O racismo escolar torna ainda mais crítica a relação desse aluno com a escola. As pesquisas existentes sobre vieses das relações étnicos raciais na sala de aula mostram que os professores se aproximam e dão mais afeto aos estudantes brancos, desde abraçar até orientar ou colocá-los para sentar mais à frente na sala de aula. Isso fica ainda mais evidente em avaliações padronizadas dos estudantes: alunos negros costumam se sair melhor do que na avaliação dos professores, ou seja, a crença do educador de que aquele estudante pode aprender é menor, uma questão de viés inconsciente.
O próprio sistema, enfim, faz com que o estudante internalize o racismo e não acredite que ele é capaz de aprender ou que aquele é um ambiente seguro e onde ele pertence.
A recomposição das aprendizagens pós-pandemia precisa ser planejada considerando este contexto. A desigualdade racial na educação não pode ser tratada como um apêndice, mas como aspecto central nos desafios que se impõem. A busca por equidade racial é um alicerce para o sucesso das estratégias de recomposição. Para isso, precisamos descartar estratégias universalistas, que pensem todos os estudantes da mesma maneira. Se assim o for, os estudantes negros vão continuar sem ter seu direito a aprendizagem com equidade garantida. Se queremos ter bons resultados de aprendizagem, é preciso que as escolas tenham uma perspectiva antirracista e garantam que os estudantes negros, que são a maioria na rede pública, sintam que pertencem àquela comunidade. Aliás, estudos internacionais indicam que estudantes brancos também têm melhores resultados educacionais quando se discute identidade com uma perspectiva racial na escola.

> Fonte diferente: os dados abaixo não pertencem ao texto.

(* Let $1\le d<n$ be integers and $\alpha>0$. Suppose $K\in C(\mathbb{R}^n\setminus\{0\})\cap L^\infty(\mathbb{R}^n)$ is $(d,\alpha)$-distance-exact and radial, i.e. $K(x)=\tilde K(|x|)$ for some $\tilde K\in C(0,\infty)\cap L^\infty(0,\infty)$. Then $K$ is constant.
   Context: For a $d$-plane $E$ and $x\notin E$, $D_{K,\mathcal H^d|_E,\alpha}(x)=\left(\int_E K(x-y)|x-y|^{-d-\alpha}d\mathcal H^d(y)\right)^{-1/\alpha}$. $K$ is $(d,\alpha)$-distance-exact if for each $d$-dimensional plane $E$ there is a constant $c_E$ with $D_{K,\mathcal H^d|_E,\alpha}(x)=c_E\operatorname{dist}(x,E)$ for all $x\notin E$. *)

theory Defs
  imports "HOL-Analysis.Analysis"
begin

text \<open>An orthonormal parametrisation of a d-plane E: E = a + span of the
  orthonormal vectors v 0, ..., v (d-1), parametrised by t in R^d
  (functions nat => real on the index set {..<d}).\<close>
definition plane_frame :: "nat \<Rightarrow> 'a::euclidean_space set \<Rightarrow> 'a \<Rightarrow> (nat \<Rightarrow> 'a) \<Rightarrow> bool" where
  "plane_frame d E a v \<longleftrightarrow>
     (\<forall>i<d. \<forall>j<d. v i \<bullet> v j = (if i = j then 1 else 0)) \<and>
     E = (\<lambda>t. a + (\<Sum>i<d. t i *\<^sub>R v i)) ` UNIV"

definition d_plane :: "nat \<Rightarrow> 'a::euclidean_space set \<Rightarrow> bool" where
  "d_plane d E \<longleftrightarrow> affine E \<and> aff_dim E = int d"

text \<open>Integral over a d-plane E with respect to H^d restricted to E: the
  d-dimensional Hausdorff measure on E is the image of Lebesgue measure on R^d
  under any orthonormal (isometric) parametrisation of E.\<close>
definition plane_hausdorff_integral ::
    "nat \<Rightarrow> 'a::euclidean_space set \<Rightarrow> ('a \<Rightarrow> real) \<Rightarrow> real" where
  "plane_hausdorff_integral d E f =
     (SOME I. \<exists>a v. plane_frame d E a v \<and>
        I = (\<integral>t. f (a + (\<Sum>i<d. t i *\<^sub>R v i)) \<partial>(PiM {..<d} (\<lambda>_. lborel))))"

definition D_plane :: "('a::euclidean_space \<Rightarrow> real) \<Rightarrow> nat \<Rightarrow> real \<Rightarrow> 'a set \<Rightarrow> 'a \<Rightarrow> real" where
  "D_plane K d \<alpha> E x =
     (plane_hausdorff_integral d E (\<lambda>y. K (x - y) * norm (x - y) powr (- (real d + \<alpha>))))
       powr (- 1 / \<alpha>)"

definition distance_exact :: "('a::euclidean_space \<Rightarrow> real) \<Rightarrow> nat \<Rightarrow> real \<Rightarrow> bool" where
  "distance_exact K d \<alpha> \<longleftrightarrow>
     (\<forall>E. d_plane d E \<longrightarrow> (\<exists>c. \<forall>x. x \<notin> E \<longrightarrow> D_plane K d \<alpha> E x = c * infdist x E))"

end

theory Submission
  imports Defs "HOL-Real_Asymp.Real_Asymp"
begin
lemma round_div_approx:
  fixes c x :: real
  assumes "c > 0"
  shows "\<bar>of_int (round (c * x)) / c - x\<bar> \<le> inverse c"
proof -
  have "of_int (round (c * x)) / c - x = (of_int (round (c * x)) - c * x) / c"
    using assms by (simp add: diff_divide_distrib)
  then have "\<bar>of_int (round (c * x)) / c - x\<bar> = \<bar>of_int (round (c * x)) - c * x\<bar> / c"
    using assms by simp
  also have "\<dots> \<le> (1 / 2) / c"
    using assms of_int_round_abs_le[of "c * x"] by (intro divide_right_mono) auto
  also have "\<dots> \<le> inverse c"
    using assms by (simp add: field_simps)
  finally show ?thesis .
qed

Mas quais são os caminhos para a equidade racial num contexto de recomposição das aprendizagens? Em primeiro lugar, é preciso estudar a estrutura já existente para isso, fruto de lutas histórias dos movimentos negros no Brasil. Existem as Leis 10.639/2003 e 11.645/2008, que tornaram obrigatório o estudo da cultura e história indígena e afro-brasileira. No final do ano passado, a Mahin e o Educação Já também lançaram o documento “Equidade étnico-racial: recomendações de políticas de equidade étnico-racial para os governos federal e estaduais”. Construído ao longo de 2022 por especialistas negros, indígenas e quilombolas com o apoio de diversas organizações do terceiro setor, trata-se de um vasto material que aponta diretrizes concretas para todos os níveis de governo e para os gestores de escolas.Outro caminho importante é escutar as lideranças negras locais, convidar movimentos e seus agentes para construírem as estratégias de recomposição de aprendizagens.
O momento do recadastramento dos estudantes também pode ser utilizado para perguntar a declaração de cor dos alunos e da família e manter esses dados vivos ao longo da trajetória escolar, analisando as diferenças de resultado por cor e raça – com especial atenção para não estigmatizar os estudantes, mas garantindo que os professores consigam se sensibilizar e pensar em estratégias que funcionam para aquela escola. Por fim, é preciso construir com os alunos. Muitas pesquisas mostram que a discussão das identidades faz com que os estudantes entendam de onde vem o sofrimento que sentem – a angústia, a opressão, a sensação de não pertencimento. Isso os ajuda a conseguir lidar com essas dores, inclusive para poder participar dos processos de aprendizagem.
Não existe uma fórmula pronta. No Brasil, as realidades educacionais são muito diferentes. O convite que fazemos é para que as redes educacionais e escolas tragam a questão racial para a pauta, ampliem a leitura, o repertório e as informações sobre isso, para então formular uma estratégia que funcione, com base nos agentes que estão naquela realidade. A perspectiva de recomposição das aprendizagens deve ser construída a partir de uma visão afrocentrada e antirracista.
É preciso ter paciência, resiliência e compromisso para esse movimento que será de mudança de paradigmas para todo mundo. Mas não podemos deixar de ter no horizonte a certeza de que a escola é ao mesmo tempo um espelho, que reflete o racismo estrutural e a nossa dívida histórica, mas também é uma janela que aponta para nosso futuro. Que ele possa ser mais justo, inclusivo e avançado para todas as pessoas.